I think about my three-year old daughter when I think about satya, or truthfulness. It’s an old joke that children have few, if any, filters, and those moments of blunt, clear-spoken clarity are often repeated through the years as part of the family lore. “Remember when little Hilda said…?” Laughter bursts out, usually accompanied by some head-shaking and murmuring about how painfully honest children are. Time, socialization, and the slow creep of “manners” often start to blur that truth-speaking. We learn about “little white lies.” Sometimes we learn that truth-telling has more painful consequences than lying, and we start to protect ourselves with half-truths or non-truths. Our ability to speak, let alone perceive, the truth becomes tattered, misused, or misunderstood.

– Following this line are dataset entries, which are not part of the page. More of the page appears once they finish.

(* Let ${\mathsf P}$ be a finite point process on a Polish space $X$, let ${\mathbf T}$ be a thinning kernel, let ${\mathsf P}'$ be the thinning of ${\mathsf P}$, and let ${\mathbf Q}$ be a condensation kernel of ${\mathsf P}$ with respect to ${\mathbf T}$. Then for every measurable $g:\mathcal M_f(X)^4\to[0,\infty)$, $$\int g(\kappa,\mu,\lambda,\nu)\,{\mathbf T}_\nu(\{\kappa\})\,{\mathbf Q}_\lambda(\mathrm d\nu)\,{\mathbf T}_\mu(\mathrm d\lambda)\,{\mathbf Q}_\kappa(\mathrm d\mu)\,{\mathsf P}'(\mathrm d\kappa)$$ $$=\int g(\kappa,\mu,\lambda,\nu)\,{\mathbf T}_\mu(\{\kappa\})\,{\mathbf Q}_\lambda(\mathrm d\mu)\,{\mathbf T}_\nu(\mathrm d\lambda)\,{\mathbf Q}_\kappa(\mathrm d\nu)\,{\mathsf P}'(\mathrm d\kappa).$$ In other words, for ${\mathsf P}'$-a.e. $\kappa$, $${\mathbf T}_\nu(\{\kappa\})\,{\mathbf Q}_\lambda(\mathrm d\nu)\,{\mathbf T}_\mu(\mathrm d\lambda)\,{\mathbf Q}_\kappa(\mathrm d\mu)={\mathbf T}_\mu(\{\kappa\})\,{\mathbf Q}_\lambda(\mathrm d\mu)\,{\mathbf T}_\nu(\mathrm d\lambda)\,{\mathbf Q}_\kappa(\mathrm d\nu).$$
   Context: $\mathcal M_f(X)$ denotes the set of finite counting measures on $X$, with the $\sigma$-algebra generated by $\mu\mapsto\mu(B)$. A finite point process is a probability measure on $\mathcal M_f(X)$. A thinning kernel is a stochastic kernel $\mu\mapsto{\mathbf T}_\mu$ from $\mathcal M_f(X)$ to $\mathcal M_f(X)$ with ${\mathbf T}_\mu$ concentrated on $\{\eta:\eta\le\mu\}$. The thinning of ${\mathsf P}$ is ${\mathsf P}'=\int{\mathbf T}_\mu\,{\mathsf P}(\mathrm d\mu)$. A condensation kernel is a stochastic kernel $\eta\mapsto{\mathbf Q}_\eta$ concentrated on $\{\mu:\mu\ge\eta\}$ such that $$\iint g(\eta,\mu)\,{\mathbf T}_\mu(\mathrm d\eta)\,{\mathsf P}(\mathrm d\mu)=\iint g(\eta,\mu)\,{\mathbf Q}_\eta(\mathrm d\mu)\,{\mathsf P}'(\mathrm d\eta)$$ for all non-negative measurable $g$. *)

theory Defs
  imports "HOL-Probability.Probability" "HOL-Library.Multiset"
begin

text \<open>Finite counting measures on X are represented as finite multisets over X
  (point masses with multiplicity).\<close>

definition count_in :: "'a multiset \<Rightarrow> 'a set \<Rightarrow> nat" where
  "count_in \<mu> B = size (filter_mset (\<lambda>x. x \<in> B) \<mu>)"

definition Mf :: "'a::polish_space multiset measure" where
  "Mf = sigma UNIV {{\<mu>. count_in \<mu> B = n} | B n. B \<in> sets (borel :: 'a measure)}"

definition finite_point_process :: "'a::polish_space multiset measure \<Rightarrow> bool" where
  "finite_point_process P \<longleftrightarrow> P \<in> space (prob_algebra Mf)"

definition thinning_kernel :: "('a::polish_space multiset \<Rightarrow> 'a multiset measure) \<Rightarrow> bool" where
  "thinning_kernel T \<longleftrightarrow> T \<in> Mf \<rightarrow>\<^sub>M prob_algebra Mf \<and> (\<forall>\<mu>. AE \<eta> in T \<mu>. \<eta> \<subseteq># \<mu>)"

definition thinning :: "'a::polish_space multiset measure \<Rightarrow> ('a multiset \<Rightarrow> 'a multiset measure) \<Rightarrow> 'a multiset measure" where
  "thinning P T = P \<bind> T"

definition condensation_kernel ::
  "'a::polish_space multiset measure \<Rightarrow> ('a multiset \<Rightarrow> 'a multiset measure) \<Rightarrow> ('a multiset \<Rightarrow> 'a multiset measure) \<Rightarrow> bool" where
  "condensation_kernel P T Q \<longleftrightarrow>
     Q \<in> Mf \<rightarrow>\<^sub>M prob_algebra Mf \<and> (\<forall>\<eta>. AE \<mu> in Q \<eta>. \<eta> \<subseteq># \<mu>) \<and>
     (\<forall>g :: 'a multiset \<Rightarrow> 'a multiset \<Rightarrow> real.
        (\<forall>\<eta> \<mu>. 0 \<le> g \<eta> \<mu>) \<longrightarrow> case_prod g \<in> borel_measurable (Mf \<Otimes>\<^sub>M Mf) \<longrightarrow>
        (\<integral>\<^sup>+\<mu>. \<integral>\<^sup>+\<eta>. ennreal (g \<eta> \<mu>) \<partial>T \<mu> \<partial>P) =
        (\<integral>\<^sup>+\<eta>. \<integral>\<^sup>+\<mu>. ennreal (g \<eta> \<mu>) \<partial>Q \<eta> \<partial>thinning P T))"

end

theory Submission
  imports Defs
begin

text \<open>Write \<open>P'\<close> for the thinning of \<open>P\<close>. Applying the condensation identity to the pair
  \<open>(\<kappa>, \<mu>)\<close> turns the outer integrals \<open>P'(d\<kappa>) Q\<^sub>\<kappa>(d\<mu>)\<close> into \<open>P(d\<mu>) T\<^sub>\<mu>(d\<kappa>)\<close>, so that
  \<open>\<kappa>\<close> and \<open>\<lambda>\<close> become two independent thinnings of the same \<open>\<mu>\<close>. By Fubini their roles can
  be exchanged, and condensing back along \<open>(\<lambda>, \<mu>)\<close> writes both sides of the theorem as
  \<open>P'(d\<lambda>) Q\<^sub>\<lambda>(d\<mu>) Q\<^sub>\<lambda>(d\<nu>)\<close> followed by \<open>\<integral> g(\<kappa>,\<mu>,\<lambda>,\<nu>) T\<^sub>\<nu>{\<kappa>} T\<^sub>\<mu>(d\<kappa>)\<close> resp. the same
  expression with \<open>\<mu>\<close> and \<open>\<nu>\<close> interchanged. These agree because
  \<open>\<integral> h(\<kappa>) B{\<kappa>} A(d\<kappa>) = \<integral> h(\<kappa>) A{\<kappa>} B(d\<kappa>)\<close> for any two measures on a space with measurable
  diagonal (both equal the integral of \<open>h\<close> over the diagonal under \<open>A \<otimes> B\<close>), and because
  \<open>\<mu>\<close> and \<open>\<nu>\<close> are both integrated against \<open>Q\<^sub>\<lambda>\<close>.\<close>

lemma nn_integral_swap:
  assumes "sigma_finite_measure A" "sigma_finite_measure B"
    and "sets A = sets M" "sets B = sets N"
    and "case_prod f \<in> borel_measurable (M \<Otimes>\<^sub>M N)"
  shows "(\<integral>\<^sup>+y. \<integral>\<^sup>+x. f x y \<partial>A \<partial>B) = (\<integral>\<^sup>+x. \<integral>\<^sup>+y. f x y \<partial>B \<partial>A)"
proof -
  interpret pair_sigma_finite A B
    using assms(1,2) by (simp add: pair_sigma_finite_def)
  have "case_prod f \<in> borel_measurable (A \<Otimes>\<^sub>M B)"
    using assms(5) measurable_cong_sets[OF sets_pair_measure_cong[OF assms(3,4)] refl]
    by blast
  then show ?thesis by (rule Fubini')
qed

lemma nn_integral_emeasure_singleton_swap:
  assumes diag: "{p. fst p = snd p} \<in> sets (M \<Otimes>\<^sub>M M)"
    and "sigma_finite_measure A" "sigma_finite_measure B"
    and sets_A: "sets A = sets M" and sets_B: "sets B = sets M"
    and h[measurable]: "h \<in> borel_measurable M"
  shows "(\<integral>\<^sup>+k. h k * emeasure B {k} \<partial>A) = (\<integral>\<^sup>+k. h k * emeasure A {k} \<partial>B)"
proof -
  have [measurable]: "{k} \<in> sets M" for k
    using sets_Pair1[OF diag, of k] by (simp add: vimage_def)
  have emeasure_eq: "c * emeasure C {k} = (\<integral>\<^sup>+k'. c * indicator {k} k' \<partial>C)"
    if "sets C = sets M" for C k and c :: ennreal
    using that by (simp add: nn_integral_cmult_indicator)
  have "(\<integral>\<^sup>+k. h k * emeasure B {k} \<partial>A) = (\<integral>\<^sup>+k. \<integral>\<^sup>+k'. h k * indicator {k} k' \<partial>B \<partial>A)"
    by (simp add: emeasure_eq[OF sets_B])
  also have "\<dots> = (\<integral>\<^sup>+k'. \<integral>\<^sup>+k. h k * indicator {k} k' \<partial>A \<partial>B)"
  proof (rule nn_integral_swap[symmetric])
    have "(\<lambda>(k, k'). h k * indicator {k} k') = (\<lambda>p. h (fst p) * indicator {p. fst p = snd p} p)"
      by (auto simp: indicator_def fun_eq_iff)
    then show "(\<lambda>(k, k'). h k * indicator {k} k') \<in> borel_measurable (M \<Otimes>\<^sub>M M)"
      using diag by simp
  qed (use assms in auto)
  also have "\<dots> = (\<integral>\<^sup>+k'. \<integral>\<^sup>+k. h k' * indicator {k'} k \<partial>A \<partial>B)"
    by (intro nn_integral_cong) (auto simp: indicator_def)
  also have "\<dots> = (\<integral>\<^sup>+k. h k * emeasure A {k} \<partial>B)"
    by (simp add: emeasure_eq[OF sets_A])
  finally show ?thesis .
qed

lemma nn_integral_kernel_SUP:
  fixes f :: "nat \<Rightarrow> 'a \<Rightarrow> 'b \<Rightarrow> ennreal"
  assumes K[measurable]: "K \<in> M \<rightarrow>\<^sub>M subprob_algebra N" and sets_L: "sets L = sets M"
    and f[measurable]: "\<And>i. case_prod (f i) \<in> borel_measurable (M \<Otimes>\<^sub>M N)"
    and inc: "\<And>x y. incseq (\<lambda>i. f i x y)"
  shows "(\<integral>\<^sup>+x. \<integral>\<^sup>+y. (SUP i. f i x y) \<partial>K x \<partial>L) = (SUP i. \<integral>\<^sup>+x. \<integral>\<^sup>+y. f i x y \<partial>K x \<partial>L)"
proof -
  have inner: "(\<integral>\<^sup>+y. (SUP i. f i x y) \<partial>K x) = (SUP i. \<integral>\<^sup>+y. f i x y \<partial>K x)"
    if "x \<in> space L" for x
  proof (rule nn_integral_monotone_convergence_SUP)
    show "incseq (\<lambda>i. f i x)" using inc by (auto simp: incseq_def le_fun_def)
    have x: "x \<in> space M" using that sets_eq_imp_space_eq[OF sets_L] by simp
    then have "sets (K x) = sets N" by (rule sets_kernel[OF K])
    moreover have "f i x \<in> borel_measurable N" for i
      using measurable_Pair2[OF f x] by simp
    ultimately show "f i x \<in> borel_measurable (K x)" for i
      using measurable_cong_sets[of "K x" N] by blast
  qed
  have "(\<integral>\<^sup>+x. \<integral>\<^sup>+y. (SUP i. f i x y) \<partial>K x \<partial>L) = (\<integral>\<^sup>+x. (SUP i. \<integral>\<^sup>+y. f i x y \<partial>K x) \<partial>L)"
    by (intro nn_integral_cong) (simp add: inner)
  also have "\<dots> = (SUP i. \<integral>\<^sup>+x. \<integral>\<^sup>+y. f i x y \<partial>K x \<partial>L)"
  proof (rule nn_integral_monotone_convergence_SUP)
    show "incseq (\<lambda>i x. \<integral>\<^sup>+y. f i x y \<partial>K x)"
      using inc by (auto simp: incseq_def le_fun_def intro!: nn_integral_mono)
    show "(\<lambda>x. \<integral>\<^sup>+y. f i x y \<partial>K x) \<in> borel_measurable L" for i
      using nn_integral_measurable_subprob_algebra2[OF f K] measurable_cong_sets[OF sets_L refl]
      by blast
  qed
  finally show ?thesis .
qed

There’s a Curious George episode where Curious George washes windows. Mr. Glass, the owner of the building, hands George his bucket and squeegee, and sends him off on his job with the precautionary words, “Now, George, whatever you do, don’t look into the windows and don’t interact with the people.” George, being the curious little monkey he is, forgets that instruction almost immediately. In one very dark room a man sits reading his books. He exclaims, “It’s so much brighter in here!”, after George cleans the windows. George then reaches into the room and cleans the fellow’s glasses, which are very, very dirty. The man exclaims again, “I haven’t seen this clearly in years!”
It’s like that with truth. The accumulation of years and habits darken our perceptions. And that tenuous relationship with truthfulness affects all our relationships – with our loved ones, with strangers or colleagues, with ourselves. We boast. We self-aggrandize. We self-deprecate. We self-hate. We convince ourselves of a thousand little things that feel “true” but are really distortions. And it’s not until someone or something starts to wipe our “glasses” clear that we realize just how grimy they’ve gotten.
For some of us, it’s a child or a loved one that reveals our blurred perceptions. For others, it’s the time on our yoga mats or our meditation pillows where we come face-to-face with those voices in our heads that craft our fictions. If we’re lucky, when we encounter our half-truths, we greet it with curiosity, acknowledge it without judgment, and begin to change our relationships to it. This is a gentle and loving way of practicing satya. Sometimes it is not so gentle. Hence, satya comes after ahimsa. We learn the art of truthfulness by joining it to non-violence.
“In most ways, the practice of satya is about restraint: about slowing down, filtering, carefully considering our words so that when we choose them, they are in harmony with the first yama, ahimsa.” – Judith Hanson Lasater
Learning satya as an adult may involve unlearning personal habits and cultural pressures to speak or act a certain kind of way. It involves a very difficult balancing act: we cannot revert to the harsh honesty of a toddler but neither can we nestle into fiction’s soft comfort. The line in the middle is the way of the yogi. It might require that we take time before we speak. That we slow down and carefully choose our words so they don’t hurt their recipient, as Judith Hanson Lasater urges. It involves learning how to act rather than react. It’s tremendously difficult for some of us, myself included.
I admire my daughter, and I seriously consider her my little guruji. I’ve grimaced at her bluntness and I’ve cautioned her to restrain from saying something that might hurt another person’s feelings. (Mostly it’s about whether she wants to play with them.) But I love her radical transparency and her open communication. This trait is one that I want her to keep. I want her to learn how to join it to compassion so that she can speak truthfully and lovingly, but I don’t want her to extinguish it or hide it. I especially hope that she never feels compelled to cast a fiction about herself, one that makes her feel less valuable or perfect than she is.
That I wish these things for her requires that I create them for myself. I must model loving truthfulness. I must create the environment in which loving truthfulness is given the light, space, and time to emerge and bloom. More than this, I need to unlearn my own habits around half-truths and determine that all of my interactions – with myself, with my hunny, with my children, with my students, or with that stranger who’s being a real jerk – speak truth in loving ways. It’s time to reinspect and clean my glasses.